Billy Gauthier, an Inuk artist who lives in Labrador on Canada’s remote northeastern coast, began his hunger strike on Oct. 13 after a plate of salmon. The meal was highly symbolic.
The Nunatsiavut government in Labrador had released a study from a Harvard mercury researcher on the effects of the newly constructed Muskrat Falls dam. The study showed that water flooding the reservoir behind the dam would contain methylmercury levels “to the point that they exceed regulatory thresholds for exposure,” building up over time in fish and other game consumed by the native population.
And so Mr. Gauthier refused to eat the fish that the Muskrat Falls project would contaminate. Thirteen days later, the provincial government promised to act on an independent assessment of the health risks to the people of Labrador, and Mr. Gauthier celebrated with a plate of arctic char.
He may have celebrated too soon. Already the government’s commitment is looking doubtful, with Stan Marshall, the chief executive of Nalcor Energy, the company responsible for the dam, publicly playing down the methylmercury risks.
Muskrat Falls has brought up urgent questions for the country as a whole at a turning point in our relationship to First Peoples: How serious are we about the process of truth and reconciliation?
Muskrat Falls will affect three peoples — the Innu, the Nunatsiavut and the NunatuKavut — who will have to alter their diets, and as such their cultures. Methylmercury has a particularly strong effect on women and children and can lead to intellectual impairments and immune system problems. Some of the hydroelectric dams have already disrupted the hunting and fishing traditions of the Cree living nearby.
Justin Trudeau, who wears a shoulder tattoo based on the print “Raven Bringing Light to the World” by the Haida artist Robert Davidson, made truth and reconciliation with Canada’s First Nations a priority of his election platform.
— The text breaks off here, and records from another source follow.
(* Let $H$ be a simple $3$-connected graph and $\mathcal{F}$ an arbitrary family of injective maps from $X=\{a,b,c,d\}$ to $V(H)$. Let $G$ be a $2$-connected graph with $X\subseteq V(G)$ and a $2$-separation $(A,B)$ with $A\cap B=\{u,v\}$, and let $G_A=G[A]\cup\{uv\}$ (with any resulting parallel edge removed). If $X\subseteq A$, then $G$ has an $H(X)$-minor if and only if $G_A$ has an $H(X)$-minor.
   Context: A $2$-separation is a pair $(A,B)$ with $A\cup B=V(G)$, $|A\cap B|\le2$ and no edge between $A\setminus B$ and $B\setminus A$. An $H$-model in $G$ is a family $\{G_x:x\in V(H)\}$ of pairwise vertex-disjoint connected subgraphs of $G$ such that for every edge $xy\in E(H)$ some vertex of $G_x$ is adjacent in $G$ to some vertex of $G_y$. For injective $\pi:X\to V(H)$, $G$ has an $H(X)$-minor with respect to $\pi$ if there is an $H$-model with $w\in V(G_{\pi(w)})$ for all $w\in X$; $G$ has an $H(X)$-minor (with respect to $\mathcal{F}$) if this holds for some $\pi\in\mathcal{F}$. *)

theory Defs
  imports Main
begin

definition graph :: "'a set \<Rightarrow> ('a \<Rightarrow> 'a \<Rightarrow> bool) \<Rightarrow> bool" where
  "graph V E \<longleftrightarrow> finite V \<and> (\<forall>x y. E x y \<longrightarrow> x \<in> V \<and> y \<in> V \<and> x \<noteq> y \<and> E y x)"

definition connected_set :: "'a set \<Rightarrow> ('a \<Rightarrow> 'a \<Rightarrow> bool) \<Rightarrow> 'a set \<Rightarrow> bool" where
  "connected_set V E S \<longleftrightarrow> S \<noteq> {} \<and> S \<subseteq> V \<and>
     (\<forall>x\<in>S. \<forall>y\<in>S. (\<lambda>p q. E p q \<and> p \<in> S \<and> q \<in> S)\<^sup>*\<^sup>* x y)"

definition k_connected :: "nat \<Rightarrow> 'a set \<Rightarrow> ('a \<Rightarrow> 'a \<Rightarrow> bool) \<Rightarrow> bool" where
  "k_connected k V E \<longleftrightarrow> card V > k \<and>
     (\<forall>S \<subseteq> V. card S < k \<longrightarrow> connected_set V E (V - S))"

definition two_separation :: "'a set \<Rightarrow> ('a \<Rightarrow> 'a \<Rightarrow> bool) \<Rightarrow> 'a set \<Rightarrow> 'a set \<Rightarrow> bool" where
  "two_separation V E A B \<longleftrightarrow> A \<union> B = V \<and> card (A \<inter> B) \<le> 2 \<and>
     A - B \<noteq> {} \<and> B - A \<noteq> {} \<and>
     (\<forall>x\<in>A - B. \<forall>y\<in>B - A. \<not> E x y)"

text \<open>An H-model in G, given by its branch sets \<open>M x\<close> (vertex sets of the
connected subgraphs G_x; a connected subgraph may be replaced by the subgraph
induced on its vertex set).\<close>
definition H_model :: "'b set \<Rightarrow> ('b \<Rightarrow> 'b \<Rightarrow> bool) \<Rightarrow> 'a set \<Rightarrow> ('a \<Rightarrow> 'a \<Rightarrow> bool)
    \<Rightarrow> ('b \<Rightarrow> 'a set) \<Rightarrow> bool" where
  "H_model VH EH VG EG M \<longleftrightarrow>
     (\<forall>x\<in>VH. connected_set VG EG (M x)) \<and>
     (\<forall>x\<in>VH. \<forall>y\<in>VH. x \<noteq> y \<longrightarrow> M x \<inter> M y = {}) \<and>
     (\<forall>x\<in>VH. \<forall>y\<in>VH. EH x y \<longrightarrow> (\<exists>p\<in>M x. \<exists>q\<in>M y. EG p q))"

definition rooted_minor_wrt :: "'b set \<Rightarrow> ('b \<Rightarrow> 'b \<Rightarrow> bool) \<Rightarrow> 'a set \<Rightarrow> ('a \<Rightarrow> 'b)
    \<Rightarrow> 'a set \<Rightarrow> ('a \<Rightarrow> 'a \<Rightarrow> bool) \<Rightarrow> bool" where
  "rooted_minor_wrt VH EH X \<pi> VG EG \<longleftrightarrow>
     (\<exists>M. H_model VH EH VG EG M \<and> (\<forall>w\<in>X. w \<in> M (\<pi> w)))"

definition rooted_minor :: "'b set \<Rightarrow> ('b \<Rightarrow> 'b \<Rightarrow> bool) \<Rightarrow> 'a set \<Rightarrow> ('a \<Rightarrow> 'b) set
    \<Rightarrow> 'a set \<Rightarrow> ('a \<Rightarrow> 'a \<Rightarrow> bool) \<Rightarrow> bool" where
  "rooted_minor VH EH X F VG EG \<longleftrightarrow> (\<exists>\<pi>\<in>F. rooted_minor_wrt VH EH X \<pi> VG EG)"

definition side_graph :: "('a \<Rightarrow> 'a \<Rightarrow> bool) \<Rightarrow> 'a set \<Rightarrow> 'a \<Rightarrow> 'a \<Rightarrow> 'a \<Rightarrow> 'a \<Rightarrow> bool" where
  "side_graph E A u v = (\<lambda>x y. (E x y \<and> x \<in> A \<and> y \<in> A) \<or>
      (u \<noteq> v \<and> ((x = u \<and> y = v) \<or> (x = v \<and> y = u))))"

end

theory Submission
  imports Defs
begin

text \<open>A branch set of an H-model in G that meets B - A but avoids the separator
{u, v} lies entirely in B - A. If one branch set did, then so would every branch set
reachable from it in H after deleting the at most two vertices whose branch sets
contain u or v; as H is 3-connected this includes one of the three roots in A, which
is absurd. Hence intersecting every branch set with A, and replacing each excursion
into B - A (which leaves and re-enters through u and v) by the edge uv, gives a model
in G_A. Conversely, 2-connectivity of G attaches some component of G[B - A] to both u
and v, and adding it to the branch set containing u realises the edge uv in G.\<close>

abbreviation reach_in :: "('a \<Rightarrow> 'a \<Rightarrow> bool) \<Rightarrow> 'a set \<Rightarrow> 'a \<Rightarrow> 'a \<Rightarrow> bool" where
  "reach_in E S \<equiv> (\<lambda>p q. E p q \<and> p \<in> S \<and> q \<in> S)\<^sup>*\<^sup>*"

lemma graph_sym: "graph V E \<Longrightarrow> E x y \<Longrightarrow> E y x"
  unfolding graph_def by blast

lemma graph_edge_in: "graph V E \<Longrightarrow> E x y \<Longrightarrow> x \<in> V \<and> y \<in> V \<and> x \<noteq> y"
  unfolding graph_def by blast

lemma reach_in_lift:
  assumes "reach_in E S x y" "\<And>s t. E s t \<Longrightarrow> s \<in> S \<Longrightarrow> t \<in> S \<Longrightarrow> reach_in E' T s t"
  shows "reach_in E' T x y"
  using assms(1) by induction (auto intro: rtranclp_trans assms(2))

lemma reach_in_mono: "reach_in E S x y \<Longrightarrow> S \<subseteq> T \<Longrightarrow> reach_in E T x y"
  by (erule reach_in_lift) auto

lemma reach_in_mem: "reach_in E S x y \<Longrightarrow> x \<in> S \<Longrightarrow> y \<in> S"
  by (induction rule: rtranclp_induct) auto

lemma reach_in_sym:
  assumes "graph V E" "reach_in E S x y"
  shows "reach_in E S y x"
  using assms(2)
proof induction
  case (step y z)
  from step.hyps(2) have "E z y \<and> z \<in> S \<and> y \<in> S" using graph_sym[OF assms(1)] by blast
  then show ?case using step.IH by (rule converse_rtranclp_into_rtranclp)
qed simp

lemma k_connected_delete:
  "k_connected k V E \<Longrightarrow> S \<subseteq> V \<Longrightarrow> card S < k \<Longrightarrow> connected_set V E (V - S)"
  unfolding k_connected_def by blast

lemma connected_set_reach:
  "connected_set V E S \<Longrightarrow> x \<in> S \<Longrightarrow> y \<in> S \<Longrightarrow> reach_in E S x y"
  unfolding connected_set_def by blast

lemma connected_setI_hub:
  assumes "graph V E" "S \<subseteq> V" "h \<in> S" "\<And>s. s \<in> S \<Longrightarrow> reach_in E S s h"
  shows "connected_set V E S"
  unfolding connected_set_def
  using assms rtranclp_trans[OF assms(4) reach_in_sym[OF assms(1,4)]] by blast

lemma two_separation_neighbour:
  assumes "graph V E" "two_separation V E A B" "y \<in> B - A" "E y z"
  shows "z \<in> B"
  using assms graph_sym[OF assms(1,4)] graph_edge_in[OF assms(1,4)]
  unfolding two_separation_def by blast

lemma connected_set_in_side:
  assumes "graph V E" "two_separation V E A B" "connected_set V E K"
    "K \<inter> (A \<inter> B) = {}" "q \<in> K" "q \<in> B - A"
  shows "K \<subseteq> B - A"
proof
  fix r assume "r \<in> K"
  with assms(3,5) have "reach_in E K q r" by (rule connected_set_reach)
  then show "r \<in> B - A"
  proof induction
    case (step y z)
    then have "z \<in> B" using two_separation_neighbour[OF assms(1,2)] by blast
    then show ?case using step.prems step.hyps assms(4) by blast
  qed (fact assms(6))
qed

lemma connected_set_meets_separator:
  assumes gG: "graph VG EG" and sep: "two_separation VG EG A B"
    and K: "connected_set VG EG K" "\<not> K \<subseteq> B - A"
    and p: "p \<in> K" "p \<in> B - A \<or> (q \<in> B - A \<and> EG q p)"
  shows "K \<inter> (A \<inter> B) \<noteq> {}"
proof
  assume avoid: "K \<inter> (A \<inter> B) = {}"
  have "p \<in> B" using p(2) two_separation_neighbour[OF gG sep] by blast
  then have "p \<in> B - A" using p(1) avoid by blast
  then show False using connected_set_in_side[OF gG sep K(1) avoid p(1)] K(2) by blast
qed

lemma card_branch_sets_meeting_le:
  assumes "H_model VH EH VG EG M" "finite Z"
  shows "card {y \<in> VH. M y \<inter> Z \<noteq> {}} \<le> card Z"
proof (rule card_inj_on_le)
  let ?pick = "\<lambda>y. SOME z. z \<in> M y \<inter> Z"
  have pick: "?pick y \<in> M y \<inter> Z" if "M y \<inter> Z \<noteq> {}" for y
  proof -
    from that obtain z where "z \<in> M y \<inter> Z" by blast
    then show ?thesis by (rule someI)
  qed
  show "inj_on ?pick {y \<in> VH. M y \<inter> Z \<noteq> {}}"
  proof (rule inj_onI)
    fix y y' assume y: "y \<in> {y \<in> VH. M y \<inter> Z \<noteq> {}}" and y': "y' \<in> {y \<in> VH. M y \<inter> Z \<noteq> {}}"
      and same: "?pick y = ?pick y'"
    have "?pick y \<in> M y \<inter> M y'" using pick[of y] pick[of y'] y y' same by auto
    then show "y = y'" using assms(1) y y' unfolding H_model_def by blast
  qed
  show "?pick ` {y \<in> VH. M y \<inter> Z \<noteq> {}} \<subseteq> Z"
    using pick by auto
qed (fact assms(2))

lemma branch_sets_stay_in_side:
  assumes gG: "graph VG EG" and sep: "two_separation VG EG A B"
    and M: "H_model VH EH VG EG M" and T: "connected_set VH EH T"
    and avoid: "\<forall>y\<in>T. M y \<inter> (A \<inter> B) = {}"
    and "x \<in> T" "M x \<subseteq> B - A" "y \<in> T"
  shows "M y \<subseteq> B - A"
proof -
  have "reach_in EH T x y" using T assms(6,8) by (rule connected_set_reach)
  then show ?thesis
  proof induction
    case (step y z)
    then have yz: "y \<in> VH" "z \<in> VH" "EH y z" using T unfolding connected_set_def by blast+
    then obtain p q where pq: "p \<in> M y" "q \<in> M z" "EG p q"
      using M unfolding H_model_def by blast
    have "q \<in> B" using two_separation_neighbour[OF gG sep _ pq(3)] step.IH pq(1) by blast
    then have "q \<in> B - A" using avoid step.hyps pq(2) by blast
    moreover have "connected_set VG EG (M z)" using M yz(2) unfolding H_model_def by blast
    ultimately show ?case
      using connected_set_in_side[OF gG sep] avoid step.hyps pq(2) by blast
  qed (fact assms(7))
qed

lemma branch_set_not_in_far_side:
  assumes gH: "graph VH EH" and kH: "k_connected 3 VH EH"
    and gG: "graph VG EG" and sep: "two_separation VG EG A B"
    and M: "H_model VH EH VG EG M" and three: "3 \<le> card {y \<in> VH. M y \<inter> A \<noteq> {}}"
    and x: "x \<in> VH"
  shows "\<not> M x \<subseteq> B - A"
proof
  assume far: "M x \<subseteq> B - A"
  define S where "S = {y \<in> VH. M y \<inter> (A \<inter> B) \<noteq> {}}"
  have "finite VG" "A \<union> B = VG" using gG sep unfolding graph_def two_separation_def by blast+
  then have "finite (A \<inter> B)" by (metis finite_Int finite_Un)
  then have "card S \<le> card (A \<inter> B)"
    unfolding S_def by (rule card_branch_sets_meeting_le[OF M])
  also have "\<dots> \<le> 2" using sep unfolding two_separation_def by blast
  finally have cardS: "card S \<le> 2" .
  have finS: "finite S" using gH unfolding graph_def S_def by simp
  have "S \<subseteq> VH" "card S < 3" using cardS unfolding S_def by auto
  then have conn: "connected_set VH EH (VH - S)" by (rule k_connected_delete[OF kH])
  have avoid: "\<forall>y \<in> VH - S. M y \<inter> (A \<inter> B) = {}" unfolding S_def by blast
  have "M x \<inter> (A \<inter> B) = {}" using far by blast
  then have "x \<in> VH - S" using x by (simp add: S_def)
  obtain w where w: "w \<in> VH - S" "M w \<inter> A \<noteq> {}"
  proof -
    have "\<not> {y \<in> VH. M y \<inter> A \<noteq> {}} \<subseteq> S"
    proof
      assume "{y \<in> VH. M y \<inter> A \<noteq> {}} \<subseteq> S"
      then have "card {y \<in> VH. M y \<inter> A \<noteq> {}} \<le> card S" by (rule card_mono[OF finS])
      then show False using cardS three by linarith
    qed
    then show ?thesis using that by blast
  qed
  have "M w \<subseteq> B - A"
    using branch_sets_stay_in_side[OF gG sep M conn avoid \<open>x \<in> VH - S\<close> far w(1)] .
  then show False using w(2) by blast
qed

lemma connected_set_restrict_side:
  assumes gG: "graph VG EG" and sep: "two_separation VG EG A B" and uv: "A \<inter> B = {u, v}"
    and K: "connected_set VG EG K" and "K \<inter> A \<noteq> {}"
  shows "connected_set A (side_graph EG A u v) (K \<inter> A)"
proof -
  let ?GA = "side_graph EG A u v"
  have VAB: "VG = A \<union> B" and KV: "K \<subseteq> VG"
    using sep K unfolding two_separation_def connected_set_def by blast+
  have separator_edge: "?GA z z'" if "z \<in> A \<inter> B" "z' \<in> A \<inter> B" "z \<noteq> z'" for z z'
    using that uv unfolding side_graph_def by auto
  have "reach_in ?GA (K \<inter> A) p r" if pr: "p \<in> K \<inter> A" "r \<in> K \<inter> A" for p r
  proof -
    have "reach_in EG K p r" using K pr by (blast intro: connected_set_reach)
    \<comment> \<open>z is the last vertex of the walk in A; after leaving A the walk can only
        re-enter through the separator.\<close>
    then have "\<exists>z \<in> K \<inter> A. reach_in ?GA (K \<inter> A) p z \<and> (r \<in> A \<longrightarrow> z = r) \<and> (r \<notin> A \<longrightarrow> z \<in> B)"
    proof induction
      case base then show ?case using pr(1) by blast
    next
      case (step y y')
      then obtain z where z: "z \<in> K \<inter> A" "reach_in ?GA (K \<inter> A) p z"
        "y \<in> A \<longrightarrow> z = y" "y \<notin> A \<longrightarrow> z \<in> B" by blast
      have y'V: "y' \<in> A \<union> B" using step.hyps KV VAB by blast
      show ?case
      proof (cases "y' \<in> A")
        case False
        have "EG y' y" using graph_sym[OF gG] step.hyps by blast
        then have "y \<in> A \<longrightarrow> y \<in> B"
          using two_separation_neighbour[OF gG sep] False y'V by blast
        then show ?thesis using z False by blast
      next
        case y'A: True
        have "?GA z y'" if "z \<noteq> y'"
        proof (cases "y \<in> A")
          case True then show ?thesis using z that step.hyps y'A unfolding side_graph_def by auto
        next
          case False
          then have "y' \<in> B"
            using two_separation_neighbour[OF gG sep] step.hyps KV VAB by blast
          then show ?thesis using separator_edge z False y'A that by blast
        qed
        then have "reach_in ?GA (K \<inter> A) p y'"
          using z step.hyps y'A by (cases "z = y'") (auto intro: rtranclp.rtrancl_into_rtrancl)
        then show ?thesis using step.hyps y'A by blast
      qed
    qed
    then show ?thesis using pr(2) by blast
  qed
  then show ?thesis using assms(5) unfolding connected_set_def by blast
qed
Since Mr. Trudeau’s election a year ago, changes grand and subtle have been made. At Toronto schools, morning announcements begin with recognizing the original settlers of the land. “I would like to acknowledge that this school is situated upon traditional territories,” it begins, before establishing which peoples the territories belonged to (in Toronto’s case, the Mississaugas of the New Credit), and concluding, “I also recognize the enduring presence of aboriginal peoples on this land.”
Other changes have been more material. In his cabinet, Mr. Trudeau appointed the first indigenous minister of justice in the country’s history, Jody Wilson-Raybould, a woman who had served previously as regional chief of the British Columbia Assembly of First Nations.
This past summer, the Trudeau government announced a national inquiry into the continuing crisis of murdered and missing aboriginal women. The first Liberal budget added $8.4 billion over five years for indigenous community infrastructure, in order to bring “transformational change” in reserves across the country.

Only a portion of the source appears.